Hi Oliver, The domain restriction capability was added well after most of MatchMaker had been implemented and I might have done things differently if it was part of the initial design — and I might not have. The way it works is that it doesn’t completely ignore the non-selected part of the chain, it just pretends there is no structure associated with those parts and that the sequence composition (but not length) is unknown. Therefore the sequence-alignment isn’t speeded up by the factor that you would anticipate given the size of the domain vs. the whole sequence. There is some upside though. Let’s say you have a chain of two identical domains connected by a hinge and you have two conformations of that.
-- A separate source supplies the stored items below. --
lemma risk_route_est:
  fixes D :: "'s set set" and \<phi>D :: "nat \<Rightarrow> real"
  assumes "y \<subseteq> Seg" "D \<subseteq> Y ` {1..N}"
  shows "risk M \<theta> y (route_est Y N \<theta> \<epsilon> \<mu> y D \<phi>D) =
       (\<phi>D (Mnb Y N D) / real (Mnb Y N D))\<^sup>2
          * (\<Sum>s\<in>\<Union>D. \<Sum>t\<in>\<Union>D. real (Nnb2 Y N D s t) * \<sigma> s t)
       + (\<phi>D (Mnb Y N D) * (ybar Y N D - real (card y)) * \<mu>)\<^sup>2
       + (\<Sum>s\<in>\<Union>D - y. (\<phi>D (Mnb Y N D) * real (Nnb1 Y N D s) / real (Mnb Y N D))\<^sup>2 * \<tau>\<^sup>2)
       + (\<Sum>s\<in>y. (1 - \<phi>D (Mnb Y N D) * real (Nnb1 Y N D s) / real (Mnb Y N D))\<^sup>2 * \<tau>\<^sup>2)"
proof -
  define w where "w = \<phi>D (Mnb Y N D)"
  define k where "k = w / real (Mnb Y N D)"
  define B where "B = {n \<in> {1..N}. Y n \<in> D}"
  define a where "a s = k * real (Nnb1 Y N D s) - (if s \<in> y then 1 else 0)" for s
  have U_sub: "\<Union>D \<subseteq> Seg"
    using assms(2) routes_subset by blast
  have fin_U: "finite (\<Union>D)" and fin_y: "finite y"
    using U_sub assms(1) finite_Seg by (auto intro: finite_subset)
  have Nnb1_outside: "Nnb1 Y N D s = 0" if "s \<notin> \<Union>D" for s
    using that by (auto simp: Nnb1_def)
  have prior: "(\<Sum>s\<in>Seg. (a s)\<^sup>2)
      = (\<Sum>s\<in>\<Union>D - y. (w * real (Nnb1 Y N D s) / real (Mnb Y N D))\<^sup>2)
        + (\<Sum>s\<in>y. (1 - w * real (Nnb1 Y N D s) / real (Mnb Y N D))\<^sup>2)"
  proof -
    have "(\<Sum>s\<in>Seg. (a s)\<^sup>2) = (\<Sum>s\<in>(\<Union>D - y) \<union> y. (a s)\<^sup>2)"
      using U_sub assms(1) Nnb1_outside
      by (intro sum.mono_neutral_right finite_Seg) (auto simp: a_def)
    also have "\<dots> = (\<Sum>s\<in>\<Union>D - y. (a s)\<^sup>2) + (\<Sum>s\<in>y. (a s)\<^sup>2)"
      using fin_U fin_y by (intro sum.union_disjoint) auto
    also have "\<dots> = (\<Sum>s\<in>\<Union>D - y. (w * real (Nnb1 Y N D s) / real (Mnb Y N D))\<^sup>2)
        + (\<Sum>s\<in>y. (1 - w * real (Nnb1 Y N D s) / real (Mnb Y N D))\<^sup>2)"
      by (intro arg_cong2[where f = "(+)"] sum.cong refl)
        (auto simp: a_def k_def power2_eq_square algebra_simps)
    finally show ?thesis .
  qed
  have errors: "(\<Sum>n\<in>{1..N}. \<Sum>s\<in>Y n. \<Sum>t\<in>Y n. (if Y n \<in> D then k else 0) * (if Y n \<in> D then k else 0) * \<sigma> s t)
      = k\<^sup>2 * (\<Sum>s\<in>\<Union>D. \<Sum>t\<in>\<Union>D. real (Nnb2 Y N D s t) * \<sigma> s t)"
  proof -
    have count: "card {n \<in> B. p \<in> Y n \<times> Y n} = Nnb2 Y N D (fst p) (snd p)" for p
      unfolding B_def Nnb2_def by (rule arg_cong[where f = card]) (auto simp: mem_Times_iff)
    have "(\<Sum>n\<in>{1..N}. \<Sum>s\<in>Y n. \<Sum>t\<in>Y n. (if Y n \<in> D then k else 0) * (if Y n \<in> D then k else 0) * \<sigma> s t)
        = k\<^sup>2 * (\<Sum>n\<in>B. \<Sum>p\<in>Y n \<times> Y n. \<sigma> (fst p) (snd p))"
      unfolding B_def sum.inter_filter[OF finite_atLeastAtMost] sum_distrib_left
      by (intro sum.cong refl) (auto simp: sum.cartesian_product' sum_distrib_left power2_eq_square mult_ac)
    also have "(\<Sum>n\<in>B. \<Sum>p\<in>Y n \<times> Y n. \<sigma> (fst p) (snd p))
        = (\<Sum>p\<in>\<Union>D \<times> \<Union>D. real (Nnb2 Y N D (fst p) (snd p)) * \<sigma> (fst p) (snd p))"
      unfolding count[symmetric]
      by (rule sum_family_eq_sum_count) (use fin_U in \<open>auto simp: B_def\<close>)
    finally show ?thesis
      by (simp add: sum.cartesian_product')
  qed
  have "risk M \<theta> y (route_est Y N \<theta> \<epsilon> \<mu> y D \<phi>D)
      = (w * (ybar Y N D - real (card y)) * \<mu>)\<^sup>2 + \<tau>\<^sup>2 * (\<Sum>s\<in>Seg. (a s)\<^sup>2)
        + (\<Sum>n\<in>{1..N}. \<Sum>s\<in>Y n. \<Sum>t\<in>Y n. (if Y n \<in> D then k else 0) * (if Y n \<in> D then k else 0) * \<sigma> s t)"
    unfolding risk_def route_est_error_eq_noise[OF assms(1)] integral_square_const_add_noise a_def k_def w_def ..
  then show ?thesis
    unfolding prior errors by (simp add: k_def w_def sum_distrib_left algebra_simps)
qed

end

theorem proposition2p3:
  fixes M :: "'a measure"
    and Seg :: "'s set" and N :: nat and Y :: "nat \<Rightarrow> 's set"
    and \<theta> :: "'s \<Rightarrow> 'a \<Rightarrow> real" and \<epsilon> :: "nat \<Rightarrow> 's \<Rightarrow> 'a \<Rightarrow> real"
    and \<mu> \<tau> :: real and \<sigma> :: "'s \<Rightarrow> 's \<Rightarrow> real"
    and y :: "'s set"
    and P :: "'s set set" and \<phi> :: "'s set \<Rightarrow> nat \<Rightarrow> real"
    and D :: "'s set set" and \<phi>D :: "nat \<Rightarrow> real"
  assumes prob: "prob_space M"
    and finSeg: "finite Seg"
    and routes: "\<And>n. n \<in> {1..N} \<Longrightarrow> Y n \<noteq> {} \<and> Y n \<subseteq> Seg"
    (* theta: i.i.d. with mean mu and variance tau^2 *)
    and th_meas: "\<And>s. s \<in> Seg \<Longrightarrow> \<theta> s \<in> borel_measurable M"
    and th_int: "\<And>s. s \<in> Seg \<Longrightarrow> integrable M (\<theta> s)"
    and th_int2: "\<And>s. s \<in> Seg \<Longrightarrow> integrable M (\<lambda>\<omega>. (\<theta> s \<omega>)\<^sup>2)"
    and th_indep: "prob_space.indep_vars M (\<lambda>_. borel) \<theta> Seg"
    and th_ident: "\<And>s t. s \<in> Seg \<Longrightarrow> t \<in> Seg \<Longrightarrow> distr M borel (\<theta> s) = distr M borel (\<theta> t)"
    and th_mean: "\<And>s. s \<in> Seg \<Longrightarrow> integral\<^sup>L M (\<theta> s) = \<mu>"
    and th_var: "\<And>s. s \<in> Seg \<Longrightarrow> integral\<^sup>L M (\<lambda>\<omega>. (\<theta> s \<omega> - \<mu>)\<^sup>2) = \<tau>\<^sup>2"
    (* errors: mean 0, covariances sigma within a trip *)
    and eps_meas: "\<And>n s. n \<in> {1..N} \<Longrightarrow> s \<in> Y n \<Longrightarrow> \<epsilon> n s \<in> borel_measurable M"
    and eps_int: "\<And>n s. n \<in> {1..N} \<Longrightarrow> s \<in> Y n \<Longrightarrow> integrable M (\<epsilon> n s)"
    and eps_int2: "\<And>n s. n \<in> {1..N} \<Longrightarrow> s \<in> Y n \<Longrightarrow> integrable M (\<lambda>\<omega>. (\<epsilon> n s \<omega>)\<^sup>2)"
    and eps_mean: "\<And>n s. n \<in> {1..N} \<Longrightarrow> s \<in> Y n \<Longrightarrow> integral\<^sup>L M (\<epsilon> n s) = 0"
    and eps_cov: "\<And>n s t. n \<in> {1..N} \<Longrightarrow> s \<in> Y n \<Longrightarrow> t \<in> Y n \<Longrightarrow>
        integral\<^sup>L M (\<lambda>\<omega>. (\<epsilon> n s \<omega> - integral\<^sup>L M (\<epsilon> n s)) * (\<epsilon> n t \<omega> - integral\<^sup>L M (\<epsilon> n t))) = \<sigma> s t"
    (* theta independent of the errors; error vectors of different trips independent *)
    and indep: "prob_space.indep_vars M
        (\<lambda>i. case i of None \<Rightarrow> PiM Seg (\<lambda>_. borel) | Some n \<Rightarrow> PiM (Y n) (\<lambda>_. borel))
        (\<lambda>i \<omega>. case i of None \<Rightarrow> restrict (\<lambda>s. \<theta> s \<omega>) Seg | Some n \<Rightarrow> restrict (\<lambda>s. \<epsilon> n s \<omega>) (Y n))
        (insert None (Some ` {1..N}))"
    (* the fixed route *)
    and y_sub: "y \<subseteq> Seg"
    (* part (1): super-segment partition and shrinkage functions *)
    and part: "partition_on y P"
    and phi0: "\<And>S. S \<in> P \<Longrightarrow> \<phi> S 0 = 0"
    (* part (2): neighbourhood of historical routes *)
    and D_hist: "D \<subseteq> Y ` {1..N}"
    and phiD0: "\<phi>D 0 = 0"
  shows
    "risk M \<theta> y (gseg_est Y N \<theta> \<epsilon> \<mu> P \<phi>) =
       (\<Sum>S\<in>P. \<Sum>T\<in>P. real (Ncnt Y N (S \<union> T)) / (real (Ncnt Y N S) * real (Ncnt Y N T))
              * \<phi> S (Ncnt Y N S) * \<phi> T (Ncnt Y N T) * (\<Sum>s\<in>S. \<Sum>t\<in>T. \<sigma> s t))
       + (\<Sum>S\<in>P. (1 - \<phi> S (Ncnt Y N S))\<^sup>2 * real (card S) * \<tau>\<^sup>2)
     \<and>
     risk M \<theta> y (route_est Y N \<theta> \<epsilon> \<mu> y D \<phi>D) =
       (\<phi>D (Mnb Y N D) / real (Mnb Y N D))\<^sup>2
          * (\<Sum>s\<in>\<Union>D. \<Sum>t\<in>\<Union>D. real (Nnb2 Y N D s t) * \<sigma> s t)
       + (\<phi>D (Mnb Y N D) * (ybar Y N D - real (card y)) * \<mu>)\<^sup>2
       + (\<Sum>s\<in>\<Union>D - y. (\<phi>D (Mnb Y N D) * real (Nnb1 Y N D s) / real (Mnb Y N D))\<^sup>2 * \<tau>\<^sup>2)
       + (\<Sum>s\<in>y. (1 - \<phi>D (Mnb Y N D) * real (Nnb1 Y N D s) / real (Mnb Y N D))\<^sup>2 * \<tau>\<^sup>2)"
proof -
  (* Not needed: identical distribution of the theta_s and nonempty routes (only first and second
     moments enter), and phiD 0 = 0 (for an empty neighbourhood both sides equal
     (phiD 0 * |y| * mu)^2 + |y| tau^2 under the 0/0 = 0 convention). *)
  have cov: "(\<integral>\<omega>. \<epsilon> n s \<omega> * \<epsilon> n t \<omega> \<partial>M) = \<sigma> s t"
    if "n \<in> {1..N}" "s \<in> Y n" "t \<in> Y n" for n s t
    using eps_cov[OF that] eps_mean[OF that(1,2)] eps_mean[OF that(1,3)] by simp
  interpret trip_model M Seg N Y \<theta> \<epsilon> \<mu> \<tau> \<sigma>
    using prob finSeg routes th_meas th_int2 th_indep th_mean th_var eps_meas eps_int2 eps_mean cov indep
    by (auto simp: trip_model_def trip_model_axioms_def square_integrable_def)
  show ?thesis
    using risk_gseg_est[OF y_sub part, of \<phi>] risk_route_est[OF y_sub D_hist] phi0 by blast
qed

end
If you select the second domain in one of the structures and turn on selection restriction, MatchMaker will always match it to the correct domain in the other structure, whereas if you were completely ignoring everything outside the restriction it would be a 50/50 shot as to whether it would match it against the correct domain. The MatchMaker code is pretty intricate, given all its options, and I would be hesitant to change how it works in order to address this. What I would probably do it translate the underlying Needleman-Wunsch sequence alignment code from Python to C++, which would likely make this problem mostly moot. I will undoubtedly do that for ChimeraX. I’m somewhat less likely to do it for Chimera “classic”, though I might back port the code once it’s written for ChimeraX. —Eric Eric Pettersen UCSF Computer Graphics Lab
On Nov 21, 2015, at 5:15 PM, Oliver Clarke <olibclarke@gmail.com> wrote:
Hi all,
When using Matchmaker, the ‘Further restrict to matching selection’ option does not seem to improve the speed of alignment as much as expected under certain circumstances (when the selection is a subset of a larger chain, as opposed to being an individual chain in a multi chain structure).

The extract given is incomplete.